(Stored data)
------------------------------------------------------------------------

lemma le_SUP:
  assumes "t \<in> I"
  shows "\<bar>Z1 t x\<bar> \<le> (SUP r. sqrt ((Z1 t r)\<^sup>2 + (Z2 t r)\<^sup>2))"
    and "\<bar>Z2 t x\<bar> \<le> (SUP r. sqrt ((Z1 t r)\<^sup>2 + (Z2 t r)\<^sup>2))"
    and "\<bar>W1 t x\<bar> \<le> (SUP r. sqrt ((W1 t r)\<^sup>2 + (W2 t r)\<^sup>2))"
    and "\<bar>W2 t x\<bar> \<le> (SUP r. sqrt ((W1 t r)\<^sup>2 + (W2 t r)\<^sup>2))"
    and "V t x \<le> (SUP r. V t r)" and "H t x \<le> (SUP r. H t r)"
proof -
  have abs_le_norm: "\<bar>u\<bar> \<le> sqrt (u\<^sup>2 + w\<^sup>2)" "\<bar>w\<bar> \<le> sqrt (u\<^sup>2 + w\<^sup>2)" for u w :: real
    using real_sqrt_sum_squares_ge1[of "\<bar>u\<bar>" w] real_sqrt_sum_squares_ge2[of u "\<bar>w\<bar>"] by simp_all
  note Z = periodic_r_continuous_le_SUP[OF Z_norm assms, of x]
    and W = periodic_r_continuous_le_SUP[OF W_norm assms, of x]
  show "\<bar>Z1 t x\<bar> \<le> (SUP r. sqrt ((Z1 t r)\<^sup>2 + (Z2 t r)\<^sup>2))"
    and "\<bar>Z2 t x\<bar> \<le> (SUP r. sqrt ((Z1 t r)\<^sup>2 + (Z2 t r)\<^sup>2))"
    using order_trans[OF abs_le_norm(1) Z] order_trans[OF abs_le_norm(2) Z] by simp_all
  show "\<bar>W1 t x\<bar> \<le> (SUP r. sqrt ((W1 t r)\<^sup>2 + (W2 t r)\<^sup>2))"
    and "\<bar>W2 t x\<bar> \<le> (SUP r. sqrt ((W1 t r)\<^sup>2 + (W2 t r)\<^sup>2))"
    using order_trans[OF abs_le_norm(1) W] order_trans[OF abs_le_norm(2) W] by simp_all
  show "V t x \<le> (SUP r. V t r)" and "H t x \<le> (SUP r. H t r)"
    using periodic_r_continuous_le_SUP[OF V_cont V_per assms] periodic_r_continuous_le_SUP[OF H_cont H_per assms]
    by simp_all
qed

lemma rate_nonneg:
  assumes t: "t \<in> I"
  shows "0 \<le> rate t"
proof -
  have "0 \<le> V t 0" "0 \<le> H t 0"
    using order_trans[OF add_nonneg_nonneg[OF abs_ge_zero abs_ge_zero] B12[OF t]] order_trans[OF abs_ge_zero B3[OF t]]
    by blast+
  then show ?thesis
    unfolding rate_def
    using le_SUP(5,6)[OF t, of 0] order_trans[OF abs_ge_zero le_SUP(1)[OF t]] order_trans[OF abs_ge_zero le_SUP(3)[OF t]]
    by (meson add_nonneg_nonneg mult_nonneg_nonneg order_trans)
qed

lemma continuous_on_rate: "compact K \<Longrightarrow> K \<subseteq> I \<Longrightarrow> continuous_on K rate"
  unfolding rate_def
  by (intro continuous_intros continuous_on_SUP_periodic_r[where J = I] Z_norm W_norm V_cont V_per H_cont H_per)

------------------------------------------------------------------------

Could you say how many lines in the data above contain "lemma"? Reply with the number alone.

Written reply:
3